假设server的selector线程已经就位,则selector会拿到一个读就位的事件,也就是client的connReq请求
- else if ((k.readyOps() & (SelectionKey.OP_READ | SelectionKey.OP_WRITE)) != 0) {
- NIOServerCnxn c = (NIOServerCnxn) k.attachment();
- c.doIO(k);
if (k.isReadable()) {
- //先从Channel读4个字节,代表头
- int rc = sock.read(incomingBuffer);
- if (rc < 0) {
- throw new EndOfStreamException(
- "Unable to read additional data from client sessionid 0x"
- + Long.toHexString(sessionId)
- + ", likely client has closed socket");
- }
- //int读好,继续往下读
- if (incomingBuffer.remaining() == 0) {
- boolean isPayload;
- //2个一样,就可以继续读下一个请求了
- if (incomingBuffer == lenBuffer) { // start of next request
- incomingBuffer.flip();
- //给incomingBuffer分配一个length长度的内存,将后续的数据都给读进来
- isPayload = readLength(k);
- //clear一下,准备写
- incomingBuffer.clear();
- } else {
- // continuation
- isPayload = true;
- }
- //好,读后续数据
- if (isPayload) { // not the case for 4letterword
- readPayload();
- }
- else {
- // four letter words take care
- // need not do anything else
- return;
- }
- }
- }
具体的后续数据流程:
- /** Read the request payload (everything following the length prefix) */
- private void readPayload() throws IOException, InterruptedException {
- if (incomingBuffer.remaining() != 0) { // have we read length bytes?
- //尝试一次读进来
- int rc = sock.read(incomingBuffer); // sock is non-blocking, so ok
- if (rc < 0) {
- throw new EndOfStreamException(
- "Unable to read additional data from client sessionid 0x"

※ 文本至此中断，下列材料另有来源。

section \<open>The torus, the maps \<open>\<phi>\<close> and Fourier coefficients\<close>

lemma in_torus2_iff_cis: "p \<in> torus2 \<longleftrightarrow> (\<exists>s t. p = (cis s, cis t))"
proof
  assume "p \<in> torus2"
  then have "cmod (fst p) = 1" "cmod (snd p) = 1"
    unfolding torus2_def by (auto simp: mem_Times_iff)
  then have "fst p = cis (Arg (fst p))" "snd p = cis (Arg (snd p))"
    using complex_norm_eq_1_exp_eq by (auto simp: cis_conv_exp)
  then show "\<exists>s t. p = (cis s, cis t)" by (metis prod.collapse)
qed (auto simp: torus2_def)

lemma cis_in_torus2 [simp]: "(cis s, cis t) \<in> torus2"
  using in_torus2_iff_cis by blast

lemma torus2_nonzero: "p \<in> torus2 \<Longrightarrow> fst p \<noteq> 0 \<and> snd p \<noteq> 0"
  unfolding torus2_def by (auto simp: mem_Times_iff)

lemma cis_add_int_2pi: "cis (x + of_int k * (2*pi)) = cis x"
  by (metis cis_mult cis_multiple_2pi Ints_of_int mult.commute mult_1_right)

lemma phiA_cis:
  "phiA a b c d (cis s, cis t) = (cis (of_int a * s + of_int b * t), cis (of_int c * s + of_int d * t))"
  unfolding phiA_def by (simp add: cis_power_int cis_mult)

lemma phiA_in_torus2: "p \<in> torus2 \<Longrightarrow> phiA a b c d p \<in> torus2"
  using in_torus2_iff_cis[of p] phiA_cis by auto

lemma continuous_on_phiA: "continuous_on torus2 (phiA a b c d)"
proof -
  have "phiA a b c d = (\<lambda>p. (fst p powi a * snd p powi b, fst p powi c * snd p powi d))"
    unfolding phiA_def by (auto simp: case_prod_beta)
  then show ?thesis
    using torus2_nonzero by (auto intro!: continuous_intros)
qed

lemma phiA_phiA:
  assumes "p \<in> torus2"
  shows "phiA a b c d (phiA a' b' c' d' p) =
    phiA (a*a' + b*c') (a*b' + b*d') (c*a' + d*c') (c*b' + d*d') p"
  using assms by (auto simp: in_torus2_iff_cis phiA_cis algebra_simps)

lemma phiA_inverse:
  assumes "p \<in> torus2" and "e * (a*d - b*c) = 1"
  shows "phiA a b c d (phiA (e*d) (-e*b) (-e*c) (e*a) p) = p"
    and "phiA (e*d) (-e*b) (-e*c) (e*a) (phiA a b c d p) = p"
proof -
  have id: "phiA 1 0 0 1 p = p"
    unfolding phiA_def by (auto simp: case_prod_beta)
  show "phiA a b c d (phiA (e*d) (-e*b) (-e*c) (e*a) p) = p"
    "phiA (e*d) (-e*b) (-e*c) (e*a) (phiA a b c d p) = p"
    using assms(2) id by (simp_all add: phiA_phiA[OF assms(1)] algebra_simps)
qed

lemma piA_CT2: "f \<in> CT2 \<Longrightarrow> piA a b c d f \<in> CT2"
  unfolding CT2_def piA_def
  by (auto intro!: continuous_on_compose2[of torus2 f] continuous_on_phiA phiA_in_torus2)

definition fourier_integrand ::
  "(complex \<times> complex \<Rightarrow> complex) \<Rightarrow> int \<Rightarrow> int \<Rightarrow> real \<times> real \<Rightarrow> complex" where
  "fourier_integrand f m n =
     (\<lambda>p. f (cis (fst p), cis (snd p)) * cis (- (of_int m * fst p + of_int n * snd p)))"

lemma fourier2_eq_square_integral:
  "fourier2 f m n = square_integral (fourier_integrand f m n) / complex_of_real (4 * pi\<^sup>2)"
  unfolding fourier2_def square_integral_def fourier_integrand_def by (simp add: case_prod_unfold)

lemma torus_periodic_fourier_integrand:
  assumes "f \<in> CT2"
  shows "torus_periodic (fourier_integrand f m n)"
proof -
  have "continuous_on UNIV (\<lambda>p::real \<times> real. f (cis (fst p), cis (snd p)))"
    by (rule continuous_on_compose2[of torus2 f]) (use assms in \<open>auto simp: CT2_def intro!: continuous_intros\<close>)
  then have "continuous_on UNIV (fourier_integrand f m n)"
    unfolding fourier_integrand_def by (intro continuous_intros)
  moreover have "cis (- (of_int m * (x + 2*pi) + of_int n * y)) = cis (- (of_int m * x + of_int n * y))"
    and "cis (- (of_int m * x + of_int n * (y + 2*pi))) = cis (- (of_int m * x + of_int n * y))"
    for x y
    using cis_add_int_2pi[of "- (of_int m * x + of_int n * y)" "-m"]
      cis_add_int_2pi[of "- (of_int m * x + of_int n * y)" "-n"]
    by (simp_all add: algebra_simps)
  moreover have "cis (x + 2*pi) = cis x" for x
    using cis_add_int_2pi[of x 1] by simp
  ultimately show ?thesis
    unfolding torus_periodic_def fourier_integrand_def by simp
qed

lemma fourier2_piA:
  assumes "f \<in> CT2" and "\<bar>a*d - b*c\<bar> = 1"
  shows "fourier2 (piA a b c d f) (m*a + n*c) (m*b + n*d) = fourier2 f m n"
proof -
  have "fourier_integrand (piA a b c d f) (m*a + n*c) (m*b + n*d) =
      lin_subst a b c d (fourier_integrand f m n)"
    by (rule ext) (simp add: fourier_integrand_def lin_subst_def piA_def phiA_cis algebra_simps)
  then show ?thesis
    using square_integral_unimodular[OF torus_periodic_fourier_integrand[OF assms(1)] assms(2)]
    by (simp add: fourier2_eq_square_integral)
qed

definition torus_character :: "int \<Rightarrow> int \<Rightarrow> complex \<times> complex \<Rightarrow> complex" where
  "torus_character p q = (\<lambda>z. fst z powi p * snd z powi q)"

lemma torus_character_CT2: "torus_character p q \<in> CT2"
  unfolding CT2_def torus_character_def using torus2_nonzero by (auto intro!: continuous_intros)

lemma integral_cis_int:
  "integral {0..2*pi} (\<lambda>s. cis (of_int k * s)) = (if k = 0 then complex_of_real (2*pi) else 0)"
proof (cases "k = 0")
  case False
  have "(\<lambda>s. cis (of_int k * s)) = (\<lambda>s. exp ((\<i> * of_int k) * complex_of_real s))"
    by (rule ext) (simp add: cis_conv_exp algebra_simps)
  then have "integral {0..2*pi} (\<lambda>s. cis (of_int k * s)) =
      (exp ((\<i> * of_int k) * complex_of_real (2*pi)) - 1) / (\<i> * of_int k)"
    using integral_exp[of "2*pi" "\<i> * of_int k"] False by simp
  also have "exp ((\<i> * of_int k) * complex_of_real (2*pi)) = 1"
    using cis_multiple_2pi[of "of_int k"] by (simp add: cis_conv_exp algebra_simps)
  finally show ?thesis using False by simp
qed (simp add: scaleR_conv_of_real)

lemma fourier2_torus_character:
  "fourier2 (torus_character p q) m n = (if p = m \<and> q = n then 1 else 0)"
proof -
  have "fourier_integrand (torus_character p q) m n =
      (\<lambda>x. cis (of_int (p - m) * fst x) * cis (of_int (q - n) * snd x))"
    by (rule ext)
      (simp add: fourier_integrand_def torus_character_def cis_power_int cis_mult algebra_simps)
  then have "square_integral (fourier_integrand (torus_character p q) m n) =
      integral {0..2*pi} (\<lambda>x. cis (of_int (p - m) * x)) *
      integral {0..2*pi} (\<lambda>y. cis (of_int (q - n) * y))"
    by (simp only: square_integral_iterated continuous_intros fst_conv snd_conv integral_mult_left integral_mult_right)
  also have "\<dots> = (if p = m then complex_of_real (2*pi) else 0) * (if q = n then complex_of_real (2*pi) else 0)"
    by (simp only: integral_cis_int right_minus_eq)
  finally show ?thesis
    by (simp add: fourier2_eq_square_integral power2_eq_square)
qed

lemma torus_character_in_A_alpha:
  "real_of_int p + \<alpha> * real_of_int q \<ge> 0 \<Longrightarrow> torus_character p q \<in> A_alpha \<alpha>"
  unfolding A_alpha_def using torus_character_CT2 fourier2_torus_character by auto

section \<open>Invariance of \<open>A\<^sub>\<alpha>\<close>\<close>

lemma irrational_halfplane_lattice_points:
  fixes \<alpha> \<delta> :: real and \<sigma> :: int
  assumes "\<alpha> \<notin> \<rat>" "\<delta> > 0" "\<bar>\<sigma>\<bar> = 1"
  obtains h k :: int where "0 < of_int h + \<alpha> * of_int k" "of_int h + \<alpha> * of_int k < \<delta>" "\<sigma> * k \<ge> 1"
proof -
  have "\<delta> / 2 > 0" using assms(2) by simp
  then obtain h k where "k > 0" and close: "\<bar>of_int k * \<alpha> - of_int h - of_int \<sigma> * \<delta> / 2\<bar> < \<delta> / 2"
    using sequence_of_fractional_parts_is_dense[OF assms(1)] by blast
  have \<sigma>: "real_of_int \<sigma> = 1 \<or> real_of_int \<sigma> = -1" "\<sigma> * \<sigma> = 1"
    using assms(3) by (auto simp: abs_if split: if_splits)
  have "of_int (-\<sigma> * h) + \<alpha> * of_int (\<sigma> * k) = of_int \<sigma> * (of_int k * \<alpha> - of_int h)"
    by (simp add: algebra_simps)
  moreover have "0 < of_int \<sigma> * (of_int k * \<alpha> - of_int h)" "of_int \<sigma> * (of_int k * \<alpha> - of_int h) < \<delta>"
    using \<sigma>(1) close[unfolded abs_less_iff] by auto
  moreover have "\<sigma> * (\<sigma> * k) \<ge> 1"
    using \<open>k > 0\<close> \<sigma>(2) by (simp add: mult.assoc[symmetric])
  ultimately show ?thesis
    using that[of "-\<sigma> * h" "\<sigma> * k"] by simp
qed

lemma nonneg_on_halfplane_lattice_imp_proportional:
  fixes \<alpha> L1 L2 :: real
  assumes "\<alpha> \<notin> \<rat>" and "L1 \<noteq> 0"
    and nonneg: "\<And>p q::int. of_int p + \<alpha> * of_int q \<ge> 0 \<Longrightarrow> of_int p * L1 + of_int q * L2 \<ge> 0"
  shows "L1 > 0 \<and> L2 = \<alpha> * L1"
proof -
  have "L1 > 0" using nonneg[of 1 0] \<open>L1 \<noteq> 0\<close> by simp
  moreover have "L2 = \<alpha> * L1"
  proof (rule ccontr)
    define c where "c = L2 - \<alpha> * L1"
    define \<sigma> :: int where "\<sigma> = (if c > 0 then -1 else 1)"
    assume "L2 \<noteq> \<alpha> * L1"
    then have "\<bar>c\<bar> / L1 > 0" using \<open>L1 > 0\<close> by (simp add: c_def)
    moreover have "\<bar>\<sigma>\<bar> = 1" by (simp add: \<sigma>_def)
    ultimately obtain h k where hk: "0 < of_int h + \<alpha> * of_int k" "of_int h + \<alpha> * of_int k < \<bar>c\<bar> / L1"
      and "\<sigma> * k \<ge> 1"
      using irrational_halfplane_lattice_points[OF \<open>\<alpha> \<notin> \<rat>\<close>] by blast
    have "0 \<le> of_int h * L1 + of_int k * L2"
      using nonneg hk(1) by simp
    also have "\<dots> = L1 * (of_int h + \<alpha> * of_int k) + of_int k * c"
      by (simp add: c_def algebra_simps)
    also have "L1 * (of_int h + \<alpha> * of_int k) < \<bar>c\<bar>"
      using hk(2) \<open>L1 > 0\<close> by (simp add: pos_less_divide_eq mult.commute)
    also have "of_int k * c \<le> - \<bar>c\<bar>"
    proof (cases "c > 0")
      case True
      then have "of_int k \<le> (-1::real)" using \<open>\<sigma> * k \<ge> 1\<close> by (simp add: \<sigma>_def)
      then show ?thesis using True mult_right_mono[of "of_int k" "-1" c] by simp
    next
      case False
      then have "of_int k \<ge> (1::real)" using \<open>\<sigma> * k \<ge> 1\<close> by (simp add: \<sigma>_def)
      then show ?thesis using False mult_right_mono_neg[of 1 "of_int k" c] by simp
    qed
    finally show False by simp
  qed
  ultimately show ?thesis ..
qed

definition scales_alpha_direction :: "real \<Rightarrow> int \<Rightarrow> int \<Rightarrow> int \<Rightarrow> int \<Rightarrow> bool" where
  "scales_alpha_direction \<alpha> a b c d \<longleftrightarrow>
     (\<exists>\<mu>>0. of_int a + \<alpha> * of_int b = \<mu> \<and> of_int c + \<alpha> * of_int d = \<mu> * \<alpha>)"

lemma scales_alpha_direction_iff:
  "scales_alpha_direction \<alpha> a b c d \<longleftrightarrow>
     real_of_int a + \<alpha> * real_of_int b > 0 \<and>
     real_of_int b * \<alpha>\<^sup>2 + real_of_int (a - d) * \<alpha> - real_of_int c = 0"
  unfolding scales_alpha_direction_def by (auto simp: algebra_simps power2_eq_square)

- + Long.toHexString(sessionId)
- + ", likely client has closed socket");
- }
- }
- //哈哈,一次读完
- if (incomingBuffer.remaining() == 0) { // have we read length bytes?
- //server的packet统计
- packetReceived();
- //准备使用这个buffer了
- incomingBuffer.flip();
- //嘿嘿,如果CoonectRequst还没来,那第一个packet肯定是他了
- if (!initialized) {
- readConnectRequest();
- }
- //处理请他请求
- else {
- readRequest();
- }
- //清理现场,为下一个packet读做准备
- lenBuffer.clear();
- incomingBuffer = lenBuffer;
- }
- }
我们现在发的ConnReq已经被server端接受了,处理如下
- private void readConnectRequest() throws IOException, InterruptedException {
- if (zkServer == null) {
- throw new IOException("ZooKeeperServer not running");
- }
- //开始执行ConnectRequest的处理链
- zkServer.processConnectRequest(this, incomingBuffer);
- //处理完了,说明业务连接已经建立好了
- initialized = true;
- }
具体处理:
- public void processConnectRequest(ServerCnxn cnxn, ByteBuffer incomingBuffer) throws IOException {
- //ConnectReq的packet是没有header的,所以直接读内容,反序列化
- BinaryInputArchive bia = BinaryInputArchive.getArchive(new ByteBufferInputStream(incomingBuffer));
- ConnectRequest connReq = new ConnectRequest();
- connReq.deserialize(bia, "connect");
- ...
- boolean readOnly = false;
- try {
- //是否readOnly
- readOnly = bia.readBool("readOnly");
- cnxn.isOldClient = false;
- } catch (IOException e) {
- ....
- }
- ...
- //设置客户端请求的session相关参数
- int sessionTimeout = connReq.getTimeOut();
- byte passwd[] = connReq.getPasswd();
- int minSessionTimeout = getMinSessionTimeout();
- if (sessionTimeout < minSessionTimeout) {
- sessionTimeout = minSessionTimeout;
- }
- int maxSessionTimeout = getMaxSessionTimeout();
- if (sessionTimeout > maxSessionTimeout) {
- sessionTimeout = maxSessionTimeout;
- }
- cnxn.setSessionTimeout(sessionTimeout);
- // We don't want to receive any packets until we are sure that the
- // session is setup
- //暂时先不读后续请求了,直到session建立
- cnxn.disableRecv();
- //拿客户端的sessionId
- long sessionId = connReq.getSessionId();
- //重试
- if (sessionId != 0) {
- long clientSessionId = connReq.getSessionId();
- LOG.info("Client attempting to renew session 0x"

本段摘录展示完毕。